• _WHAT TO DO_
Go through the lines below and tally each one holding "obtain". Write only the total.
(Beginning of EXERCISE MATERIAL)
(* Let $n\ge 3$ and let $(u,v)$ be an MAB pair of binary words with $|u|=|v|=n$, $i=\mathrm{lsb}(u,v)$, $j=\mathrm{lsb}(v,u)$ and $i+j>n$. Write $u=\alpha\gamma\beta$ and $v=\beta'\gamma'\alpha'$ with $|\alpha|=|\alpha'|=n-i$, $|\gamma|=|\gamma'|=i+j-n$ and $|\beta|=|\beta'|=n-j$ (so that $\mathrm{sb}(u,v)=(\gamma\beta,\beta'\gamma')$ and $\mathrm{sb}(v,u)=(\gamma'\alpha',\alpha\gamma)$). Then $\big||\alpha|_c-|\alpha'|_c\big|=1$ for all $c\in\{a,b\}$ if and only if $i+j-n=1$.
   Context: Let $\Sigma=\{a,b\}$. For a word $w$ and a letter $c$, $|w|_c$ denotes the number of occurrences of $c$ in $w$. Two words $x,y$ are abelian equivalent, written $x\sim_{\mathrm{abl}}y$, if $|x|_c=|y|_c$ for all $c\in\Sigma$. For words $u,v$: a pair $(x,y)$ is an internal abelian-border of $(u,v)$ if $x$ is a nonempty proper suffix of $u$, $y$ is a proper prefix of $v$, and $x\sim_{\mathrm{abl}}y$; it is an external abelian-border of $(u,v)$ if $x$ is a nonempty proper prefix of $u$, $y$ is a proper suffix of $v$, and $x\sim_{\mathrm{abl}}y$. The pair $(u,v)$ is mutually abelian-bordered (MAB) if it has both an internal and an external abelian-border, and mutually abelian-unbordered (MAU) if it has neither. If $(u,v)$ has an internal abelian-border, $\mathrm{sb}(u,v)$ denotes its internal abelian-border $(x,y)$ of minimal length and $\mathrm{lsb}(u,v)=|x|$ is that minimal length. *)

theory Defs
  imports Main "HOL-Library.Sublist"
begin

datatype letter = a | b

type_synonym word = "letter list"

definition occ :: "word \<Rightarrow> letter \<Rightarrow> nat" where
  "occ w c = count_list w c"

definition abel_eq :: "word \<Rightarrow> word \<Rightarrow> bool" where
  "abel_eq x y \<longleftrightarrow> (\<forall>c. occ x c = occ y c)"

definition internal_border :: "word \<Rightarrow> word \<Rightarrow> word \<Rightarrow> word \<Rightarrow> bool" where
  "internal_border u v x y \<longleftrightarrow>
     x \<noteq> [] \<and> suffix x u \<and> length x < length u \<and>
     prefix y v \<and> length y < length v \<and> abel_eq x y"

definition external_border :: "word \<Rightarrow> word \<Rightarrow> word \<Rightarrow> word \<Rightarrow> bool" where
  "external_border u v x y \<longleftrightarrow>
     x \<noteq> [] \<and> prefix x u \<and> length x < length u \<and>
     suffix y v \<and> length y < length v \<and> abel_eq x y"

definition has_internal_border :: "word \<Rightarrow> word \<Rightarrow> bool" where
  "has_internal_border u v \<longleftrightarrow> (\<exists>x y. internal_border u v x y)"

definition has_external_border :: "word \<Rightarrow> word \<Rightarrow> bool" where
  "has_external_border u v \<longleftrightarrow> (\<exists>x y. external_border u v x y)"

definition MAB :: "word \<Rightarrow> word \<Rightarrow> bool" where
  "MAB u v \<longleftrightarrow> has_internal_border u v \<and> has_external_border u v"

text \<open>Length of the shortest internal abelian-border (meaningful when one exists).\<close>
definition lsb :: "word \<Rightarrow> word \<Rightarrow> nat" where
  "lsb u v = (LEAST k. \<exists>x y. internal_border u v x y \<and> length x = k)"

end

theory Submission
  imports Defs
begin

text \<open>Compare the number of a's in the length-m suffix of u with that in the length-m prefix
  of v; the difference F(m) vanishes exactly at the internal abelian-borders of (u,v), so
  lsb(u,v) is the first zero of F in (0,n), and F moves by at most 1 per step. Counting a's in
  u and v shows that the corresponding function G for (v,u) satisfies G(n-m) = F(m) + D for a
  constant D. Hence G(n-i) = D is the a-surplus of \<alpha>' over \<alpha>, F(n-j) = -D, and F avoids the
  value -D on (n-j, i] because G has no zero in (0,j). A walk of unit steps that starts at
  -D = \<plusminus>1 at n-j and then avoids -D can only move away from 0 first, after which it must
  return through -D before reaching 0; so it reaches 0 at i only if i = n-j+1.\<close>

lemma int_walk_intermed_val:
  fixes f :: "nat \<Rightarrow> int"
  assumes "\<And>t. m \<le> t \<Longrightarrow> t < n \<Longrightarrow> \<bar>f (Suc t) - f t\<bar> \<le> 1" "m \<le> n"
    and "min (f m) (f n) \<le> k" "k \<le> max (f m) (f n)"
  shows "\<exists>t. m \<le> t \<and> t \<le> n \<and> f t = k"
proof (cases "f m \<le> f n")
  case True
  then show ?thesis
    using nat_intermed_int_val[of m n f k] assms by auto
next
  case False
  then have "\<exists>t. m \<le> t \<and> t \<le> n \<and> - f t = - k"
    using nat_intermed_int_val[of m n "\<lambda>t. - f t" "- k"] assms by (auto simp: abs_minus_commute)
  then show ?thesis by auto
qed

lemma int_walk_abs_eq_1_iff_first_zero_Suc:
  fixes f :: "nat \<Rightarrow> int"
  assumes steps: "\<And>t. p \<le> t \<Longrightarrow> t < q \<Longrightarrow> \<bar>f (Suc t) - f t\<bar> \<le> 1"
    and "p < q" and zero: "f q = 0"
    and nonzero: "\<And>t. p < t \<Longrightarrow> t < q \<Longrightarrow> f t \<noteq> 0"
    and avoid: "\<And>t. p < t \<Longrightarrow> t \<le> q \<Longrightarrow> f t \<noteq> f p"
  shows "\<bar>f p\<bar> = 1 \<longleftrightarrow> q = Suc p"
proof
  assume unit: "\<bar>f p\<bar> = 1"
  show "q = Suc p"
  proof (rule ccontr)
    assume "q \<noteq> Suc p"
    with \<open>p < q\<close> have "Suc p < q" by simp
    have "f (Suc p) \<noteq> 0" "f (Suc p) \<noteq> f p" "\<bar>f (Suc p) - f p\<bar> \<le> 1"
      using nonzero avoid steps \<open>Suc p < q\<close> by auto
    with unit have "f (Suc p) = 2 * f p" by linarith
    with unit zero have "min (f (Suc p)) (f q) \<le> f p" "f p \<le> max (f (Suc p)) (f q)"
      by linarith+
    then obtain t where "Suc p \<le> t" "t \<le> q" "f t = f p"
      using int_walk_intermed_val[of "Suc p" q f "f p"] steps \<open>Suc p < q\<close> by auto
    with avoid show False by auto
  qed
next
  assume "q = Suc p"
  moreover have "f p \<noteq> 0"
    using avoid[of q] zero \<open>p < q\<close> by auto
  ultimately show "\<bar>f p\<bar> = 1"
    using steps[of p] zero by auto
qed

definition border_defect :: "word \<Rightarrow> word \<Rightarrow> nat \<Rightarrow> int" where
  "border_defect u v m = int (occ (drop (length u - m) u) a) - int (occ (take m v) a)"

lemma occ_a_add_occ_b: "occ w a + occ w b = length w"
  unfolding occ_def by (induction w) (auto split: letter.splits, metis letter.exhaust)

lemma occ_take_add_occ_drop: "occ (take m w) c + occ (drop m w) c = occ w c"
  unfolding occ_def by (metis append_take_drop_id count_list_append)

lemma abel_eq_length: "abel_eq x y \<Longrightarrow> length x = length y"
  unfolding abel_eq_def by (metis occ_a_add_occ_b)

lemma abel_eq_iff_occ_a:
  assumes "length x = length y"
  shows "abel_eq x y \<longleftrightarrow> occ x a = occ y a"
proof
  assume "occ x a = occ y a"
  moreover from this have "occ x b = occ y b"
    using assms occ_a_add_occ_b[of x] occ_a_add_occ_b[of y] by simp
  ultimately show "abel_eq x y"
    unfolding abel_eq_def by (metis letter.exhaust)
qed (simp add: abel_eq_def)

lemma internal_border_iff_border_defect:
  assumes "length u = n" "length v = n"
  shows "internal_border u v x y \<longleftrightarrow>
    0 < length x \<and> length x < n \<and> x = drop (n - length x) u \<and> y = take (length x) v \<and>
    border_defect u v (length x) = 0"
proof
  assume border: "internal_border u v x y"
  then have "length y = length x"
    unfolding internal_border_def using abel_eq_length by metis
  moreover have "x = drop (n - length x) u" "y = take (length y) v"
    using border assms unfolding internal_border_def
    by (metis suffix_take diff_diff_cancel suffix_length_le append_take_drop_id same_append_eq
          length_drop, metis prefix_def append_eq_conv_conj)
  ultimately show "0 < length x \<and> length x < n \<and> x = drop (n - length x) u \<and>
      y = take (length x) v \<and> border_defect u v (length x) = 0"
    using border assms unfolding internal_border_def abel_eq_def border_defect_def by auto
next
  assume "0 < length x \<and> length x < n \<and> x = drop (n - length x) u \<and>
      y = take (length x) v \<and> border_defect u v (length x) = 0"
  then show "internal_border u v x y"
    using assms unfolding internal_border_def border_defect_def
    by (auto simp: take_is_prefix abel_eq_iff_occ_a) (metis suffix_drop)
qed

lemma lsb_first_zero:
  assumes "length u = n" "length v = n" "has_internal_border u v"
  shows "0 < lsb u v" "lsb u v < n" "border_defect u v (lsb u v) = 0"
    and "\<And>m. 0 < m \<Longrightarrow> m < lsb u v \<Longrightarrow> border_defect u v m \<noteq> 0"
proof -
  define zero where "zero m \<longleftrightarrow> 0 < m \<and> m < n \<and> border_defect u v m = 0" for m
  have border_iff_zero: "(\<exists>x y. internal_border u v x y \<and> length x = m) \<longleftrightarrow> zero m" for m
  proof
    assume "\<exists>x y. internal_border u v x y \<and> length x = m"
    then show "zero m"
      unfolding zero_def using internal_border_iff_border_defect[OF assms(1,2)] by blast
  next
    assume "zero m"
    then have "internal_border u v (drop (n - m) u) (take m v)" "length (drop (n - m) u) = m"
      unfolding zero_def using internal_border_iff_border_defect[OF assms(1,2)] assms(1) by auto
    then show "\<exists>x y. internal_border u v x y \<and> length x = m" by blast
  qed
  then have lsb: "lsb u v = Least zero"
    unfolding lsb_def by simp
  obtain m where "zero m"
    using assms(3) border_iff_zero unfolding has_internal_border_def by blast
  then have "zero (lsb u v)"
    unfolding lsb by (rule LeastI)
  then show "0 < lsb u v" "lsb u v < n" "border_defect u v (lsb u v) = 0"
    unfolding zero_def by simp_all
  show "border_defect u v m \<noteq> 0" if "0 < m" "m < lsb u v" for m
    using that not_less_Least[of m zero] \<open>lsb u v < n\<close> unfolding lsb zero_def by auto
qed

lemma external_border_iff_internal_border_swap:
  "external_border u v x y \<longleftrightarrow> internal_border v u y x"
  unfolding external_border_def internal_border_def
  by (metis abel_eq_length abel_eq_def length_greater_0_conv)

lemma MAB_imp_internal_borders:
  "MAB u v \<Longrightarrow> has_internal_border u v \<and> has_internal_border v u"
  unfolding MAB_def has_external_border_def has_internal_border_def
  using external_border_iff_internal_border_swap by blast

lemma border_defect_Suc_abs:
  assumes "length u = n" "length v = n" "m < n"
  shows "\<bar>border_defect u v (Suc m) - border_defect u v m\<bar> \<le> 1"
proof -
  have "drop (n - Suc m) u = u ! (n - Suc m) # drop (n - m) u"
    using assms by (metis Cons_nth_drop_Suc Suc_diff_Suc diff_less zero_less_Suc less_le_trans Suc_leI)
  moreover have "take (Suc m) v = take m v @ [v ! m]"
    using assms by (simp add: take_Suc_conv_app_nth)
  ultimately have "border_defect u v (Suc m) - border_defect u v m =
      int (count_list [u ! (n - Suc m)] a) - int (count_list [v ! m] a)"
    using assms unfolding border_defect_def occ_def by simp
  then show ?thesis by simp
qed

lemma border_defect_swap:
  assumes "length u = n" "length v = n" "m \<le> n"
  shows "border_defect v u (n - m) = border_defect u v m + (int (occ v a) - int (occ u a))"
  using assms occ_take_add_occ_drop[of m v a] occ_take_add_occ_drop[of "n - m" u a]
  unfolding border_defect_def by simp

theorem mainTheorem4:
  fixes u v \<alpha> \<gamma> \<beta> \<alpha>' \<gamma>' \<beta>' :: word and n i j :: nat
  assumes "n \<ge> 3"
    and "length u = n" and "length v = n"
    and "MAB u v"
    and "i = lsb u v" and "j = lsb v u"
    and "i + j > n"
    and "u = \<alpha> @ \<gamma> @ \<beta>" and "v = \<beta>' @ \<gamma>' @ \<alpha>'"
    and "length \<alpha> = n - i" and "length \<alpha>' = n - i"
    and "length \<gamma> = i + j - n" and "length \<gamma>' = i + j - n"
    and "length \<beta> = n - j" and "length \<beta>' = n - j"
  shows "(\<forall>c \<in> {a, b}. \<bar>int (occ \<alpha> c) - int (occ \<alpha>' c)\<bar> = 1) \<longleftrightarrow> i + j - n = 1"
proof -
  note lu = assms(2) and lv = assms(3)
  define F where "F = border_defect u v"
  define G where "G = border_defect v u"
  have borders: "has_internal_border u v" "has_internal_border v u"
    using MAB_imp_internal_borders[OF assms(4)] by auto
  note I = lsb_first_zero[OF lu lv borders(1), folded assms(5) F_def]
    and J = lsb_first_zero[OF lv lu borders(2), folded assms(6) G_def]
  have "\<alpha> = take (n - i) u" "\<alpha>' = drop i v"
    using assms(7-11,13,15) I(2) J(2) by simp_all
  then have "G (n - i) = int (occ \<alpha>' a) - int (occ \<alpha> a)"
    unfolding G_def border_defect_def using lv I(2) by simp
  moreover have "G (n - i) = - F (n - j)"
    using border_defect_swap[OF lu lv, of i] border_defect_swap[OF lu lv, of "n - j"] I J
    unfolding F_def G_def by simp
  moreover have "occ \<alpha> a + occ \<alpha> b = occ \<alpha>' a + occ \<alpha>' b"
    using occ_a_add_occ_b assms(10,11) by metis
  ultimately have "(\<forall>c \<in> {a, b}. \<bar>int (occ \<alpha> c) - int (occ \<alpha>' c)\<bar> = 1) \<longleftrightarrow> \<bar>F (n - j)\<bar> = 1"
    by auto
  also have "\<dots> \<longleftrightarrow> i = Suc (n - j)"
  proof (rule int_walk_abs_eq_1_iff_first_zero_Suc)
    show "F t \<noteq> F (n - j)" if "n - j < t" "t \<le> i" for t
      using border_defect_swap[OF lu lv, of t] border_defect_swap[OF lu lv, of "n - j"] I(2) J that
      unfolding F_def G_def by force
  qed (use I J(2) assms(7) border_defect_Suc_abs[OF lu lv] in \<open>auto simp: F_def\<close>)
  also have "\<dots> \<longleftrightarrow> i + j - n = 1"
    using assms(7) J(2) by arith
  finally show ?thesis .
qed

end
(End of EXERCISE MATERIAL)
• _RESPONSE TO THIS EXERCISE_
2